_TASK TO CARRY OUT:_
From the listing below, copy out every line where the word "text" appears.

_DATA EXCERPTS:_
----
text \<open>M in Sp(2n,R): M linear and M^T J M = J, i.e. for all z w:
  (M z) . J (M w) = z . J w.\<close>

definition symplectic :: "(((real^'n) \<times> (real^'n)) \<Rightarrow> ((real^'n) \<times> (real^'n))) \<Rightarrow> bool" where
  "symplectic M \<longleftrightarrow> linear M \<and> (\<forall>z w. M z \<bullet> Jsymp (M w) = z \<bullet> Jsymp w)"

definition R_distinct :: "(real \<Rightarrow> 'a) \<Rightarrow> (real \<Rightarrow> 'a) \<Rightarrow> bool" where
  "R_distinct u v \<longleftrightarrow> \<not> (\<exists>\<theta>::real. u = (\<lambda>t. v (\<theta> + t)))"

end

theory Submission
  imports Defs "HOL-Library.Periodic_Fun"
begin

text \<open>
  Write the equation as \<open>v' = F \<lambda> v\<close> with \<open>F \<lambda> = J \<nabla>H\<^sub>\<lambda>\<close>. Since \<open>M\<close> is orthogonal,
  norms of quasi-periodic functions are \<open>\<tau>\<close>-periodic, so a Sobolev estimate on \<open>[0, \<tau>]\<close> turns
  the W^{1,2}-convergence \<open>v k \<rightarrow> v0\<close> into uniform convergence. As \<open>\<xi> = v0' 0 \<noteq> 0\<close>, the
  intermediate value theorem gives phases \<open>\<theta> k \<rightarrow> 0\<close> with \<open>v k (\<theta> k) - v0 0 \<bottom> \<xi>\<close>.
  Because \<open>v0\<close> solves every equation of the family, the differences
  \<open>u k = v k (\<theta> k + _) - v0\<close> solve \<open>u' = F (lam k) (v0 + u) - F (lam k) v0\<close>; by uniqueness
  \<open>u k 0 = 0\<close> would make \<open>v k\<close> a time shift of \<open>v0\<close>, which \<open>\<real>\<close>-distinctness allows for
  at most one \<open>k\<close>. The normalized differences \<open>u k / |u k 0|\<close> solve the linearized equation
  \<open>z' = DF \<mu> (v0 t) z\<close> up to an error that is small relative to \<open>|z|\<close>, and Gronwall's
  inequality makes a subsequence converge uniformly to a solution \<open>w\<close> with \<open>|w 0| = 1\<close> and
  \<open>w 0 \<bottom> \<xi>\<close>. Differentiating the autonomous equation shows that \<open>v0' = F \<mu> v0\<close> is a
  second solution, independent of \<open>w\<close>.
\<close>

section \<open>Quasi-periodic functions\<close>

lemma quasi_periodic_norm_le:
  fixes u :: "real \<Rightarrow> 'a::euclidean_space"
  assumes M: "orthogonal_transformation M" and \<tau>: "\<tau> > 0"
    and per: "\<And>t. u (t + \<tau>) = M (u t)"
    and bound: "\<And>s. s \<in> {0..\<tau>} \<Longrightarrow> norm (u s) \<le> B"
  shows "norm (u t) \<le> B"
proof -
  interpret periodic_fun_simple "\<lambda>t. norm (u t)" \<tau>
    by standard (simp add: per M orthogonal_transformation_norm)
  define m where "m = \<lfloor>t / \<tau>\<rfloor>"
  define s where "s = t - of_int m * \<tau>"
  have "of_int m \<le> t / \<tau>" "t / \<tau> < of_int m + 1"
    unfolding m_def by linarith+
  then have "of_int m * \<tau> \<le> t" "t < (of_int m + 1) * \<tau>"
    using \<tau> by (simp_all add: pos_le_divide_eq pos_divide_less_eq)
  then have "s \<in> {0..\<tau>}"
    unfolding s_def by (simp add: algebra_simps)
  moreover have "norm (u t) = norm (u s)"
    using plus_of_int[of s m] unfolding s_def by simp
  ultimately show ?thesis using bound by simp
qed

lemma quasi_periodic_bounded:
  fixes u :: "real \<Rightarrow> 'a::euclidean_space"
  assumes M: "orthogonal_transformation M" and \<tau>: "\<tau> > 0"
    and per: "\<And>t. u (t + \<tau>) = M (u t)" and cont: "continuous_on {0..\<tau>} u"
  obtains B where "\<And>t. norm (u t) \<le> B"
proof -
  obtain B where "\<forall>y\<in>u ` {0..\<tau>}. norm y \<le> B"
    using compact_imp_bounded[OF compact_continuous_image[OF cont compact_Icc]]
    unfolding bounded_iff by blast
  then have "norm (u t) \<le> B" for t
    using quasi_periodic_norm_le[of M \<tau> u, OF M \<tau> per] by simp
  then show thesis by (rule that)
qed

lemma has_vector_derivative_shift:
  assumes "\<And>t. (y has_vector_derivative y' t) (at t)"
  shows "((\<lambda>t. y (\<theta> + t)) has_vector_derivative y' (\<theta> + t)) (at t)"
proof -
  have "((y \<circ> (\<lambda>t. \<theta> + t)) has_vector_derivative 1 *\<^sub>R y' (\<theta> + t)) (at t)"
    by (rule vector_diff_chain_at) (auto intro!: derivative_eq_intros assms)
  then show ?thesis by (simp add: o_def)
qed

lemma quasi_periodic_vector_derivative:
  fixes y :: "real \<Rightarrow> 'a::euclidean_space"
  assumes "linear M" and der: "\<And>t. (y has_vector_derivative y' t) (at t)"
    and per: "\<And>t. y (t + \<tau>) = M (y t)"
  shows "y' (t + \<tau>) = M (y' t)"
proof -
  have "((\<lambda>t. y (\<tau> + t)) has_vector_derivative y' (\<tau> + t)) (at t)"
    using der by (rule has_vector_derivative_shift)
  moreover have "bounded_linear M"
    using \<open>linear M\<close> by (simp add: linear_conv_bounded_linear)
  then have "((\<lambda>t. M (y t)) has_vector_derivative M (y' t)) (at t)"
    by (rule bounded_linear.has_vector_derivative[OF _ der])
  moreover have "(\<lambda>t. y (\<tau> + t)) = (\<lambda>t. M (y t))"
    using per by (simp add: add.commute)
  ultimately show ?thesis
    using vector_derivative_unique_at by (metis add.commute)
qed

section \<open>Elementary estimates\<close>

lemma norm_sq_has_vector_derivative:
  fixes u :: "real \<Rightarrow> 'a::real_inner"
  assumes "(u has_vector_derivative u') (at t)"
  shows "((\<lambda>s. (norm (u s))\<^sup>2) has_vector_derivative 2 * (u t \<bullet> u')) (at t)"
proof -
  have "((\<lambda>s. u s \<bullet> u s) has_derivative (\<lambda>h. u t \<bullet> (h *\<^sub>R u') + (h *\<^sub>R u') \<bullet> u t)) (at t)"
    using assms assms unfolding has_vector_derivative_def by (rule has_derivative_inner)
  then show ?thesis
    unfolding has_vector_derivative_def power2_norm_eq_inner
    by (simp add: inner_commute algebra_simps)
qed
----
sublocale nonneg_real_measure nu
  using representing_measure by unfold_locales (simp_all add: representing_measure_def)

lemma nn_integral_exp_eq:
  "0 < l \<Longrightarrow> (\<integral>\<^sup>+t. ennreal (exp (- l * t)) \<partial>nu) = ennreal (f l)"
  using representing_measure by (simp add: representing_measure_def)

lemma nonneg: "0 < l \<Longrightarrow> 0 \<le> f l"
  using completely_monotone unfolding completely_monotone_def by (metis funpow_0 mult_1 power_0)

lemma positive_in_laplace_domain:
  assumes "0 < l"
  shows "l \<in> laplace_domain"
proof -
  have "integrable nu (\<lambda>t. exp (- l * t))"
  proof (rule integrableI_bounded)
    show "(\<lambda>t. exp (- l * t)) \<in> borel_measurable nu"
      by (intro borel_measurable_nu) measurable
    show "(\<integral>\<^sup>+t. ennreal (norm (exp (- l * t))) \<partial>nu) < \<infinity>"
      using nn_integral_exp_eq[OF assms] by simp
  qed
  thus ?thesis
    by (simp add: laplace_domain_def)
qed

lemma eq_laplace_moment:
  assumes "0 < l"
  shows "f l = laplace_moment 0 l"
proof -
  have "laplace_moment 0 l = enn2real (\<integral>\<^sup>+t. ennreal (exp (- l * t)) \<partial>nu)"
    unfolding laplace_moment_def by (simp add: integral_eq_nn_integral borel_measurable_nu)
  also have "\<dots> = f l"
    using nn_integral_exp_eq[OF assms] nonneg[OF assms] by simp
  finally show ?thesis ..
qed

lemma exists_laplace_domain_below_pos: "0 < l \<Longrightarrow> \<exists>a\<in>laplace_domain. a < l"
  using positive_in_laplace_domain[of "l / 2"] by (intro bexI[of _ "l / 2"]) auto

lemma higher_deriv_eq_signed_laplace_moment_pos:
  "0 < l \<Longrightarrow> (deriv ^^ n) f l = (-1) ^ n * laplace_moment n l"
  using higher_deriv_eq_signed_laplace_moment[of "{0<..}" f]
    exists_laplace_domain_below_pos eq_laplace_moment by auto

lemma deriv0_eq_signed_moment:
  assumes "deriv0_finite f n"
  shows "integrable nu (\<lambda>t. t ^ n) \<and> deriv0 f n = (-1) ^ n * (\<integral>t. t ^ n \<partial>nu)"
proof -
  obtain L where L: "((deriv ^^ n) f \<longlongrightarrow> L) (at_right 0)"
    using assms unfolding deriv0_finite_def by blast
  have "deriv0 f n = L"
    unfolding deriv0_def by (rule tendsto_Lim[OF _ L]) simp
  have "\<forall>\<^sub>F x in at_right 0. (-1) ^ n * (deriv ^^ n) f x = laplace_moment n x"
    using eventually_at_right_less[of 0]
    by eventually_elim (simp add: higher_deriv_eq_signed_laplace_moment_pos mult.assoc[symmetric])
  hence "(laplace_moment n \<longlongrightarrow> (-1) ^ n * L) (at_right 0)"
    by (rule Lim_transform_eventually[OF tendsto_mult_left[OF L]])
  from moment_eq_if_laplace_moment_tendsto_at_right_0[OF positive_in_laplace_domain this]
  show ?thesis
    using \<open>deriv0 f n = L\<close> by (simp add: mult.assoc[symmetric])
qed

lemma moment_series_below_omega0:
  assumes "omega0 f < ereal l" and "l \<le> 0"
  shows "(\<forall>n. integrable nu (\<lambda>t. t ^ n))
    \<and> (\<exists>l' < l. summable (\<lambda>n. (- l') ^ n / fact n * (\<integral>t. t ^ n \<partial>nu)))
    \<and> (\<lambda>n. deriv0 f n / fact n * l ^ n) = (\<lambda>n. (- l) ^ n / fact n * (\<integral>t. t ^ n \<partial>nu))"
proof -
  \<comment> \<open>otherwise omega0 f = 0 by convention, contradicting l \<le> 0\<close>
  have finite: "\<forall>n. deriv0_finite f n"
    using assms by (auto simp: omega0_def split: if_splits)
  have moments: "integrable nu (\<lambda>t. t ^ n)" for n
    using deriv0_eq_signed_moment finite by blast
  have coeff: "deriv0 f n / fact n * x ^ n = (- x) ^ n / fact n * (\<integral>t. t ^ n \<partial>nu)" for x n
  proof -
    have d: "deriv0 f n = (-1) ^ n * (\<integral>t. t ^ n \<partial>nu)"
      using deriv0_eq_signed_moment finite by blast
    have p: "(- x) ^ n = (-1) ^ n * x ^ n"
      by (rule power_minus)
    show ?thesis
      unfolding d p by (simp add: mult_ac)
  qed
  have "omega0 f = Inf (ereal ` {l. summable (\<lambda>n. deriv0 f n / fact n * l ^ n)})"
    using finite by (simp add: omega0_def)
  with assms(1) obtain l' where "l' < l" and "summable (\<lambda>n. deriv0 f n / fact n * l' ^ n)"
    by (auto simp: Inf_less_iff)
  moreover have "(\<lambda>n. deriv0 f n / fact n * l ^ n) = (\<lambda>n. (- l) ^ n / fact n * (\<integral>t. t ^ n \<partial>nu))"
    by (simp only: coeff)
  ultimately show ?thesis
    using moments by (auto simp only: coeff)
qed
----
_FINISHED TASK:_
text \<open>M in Sp(2n,R): M linear and M^T J M = J, i.e. for all z w:
text \<open>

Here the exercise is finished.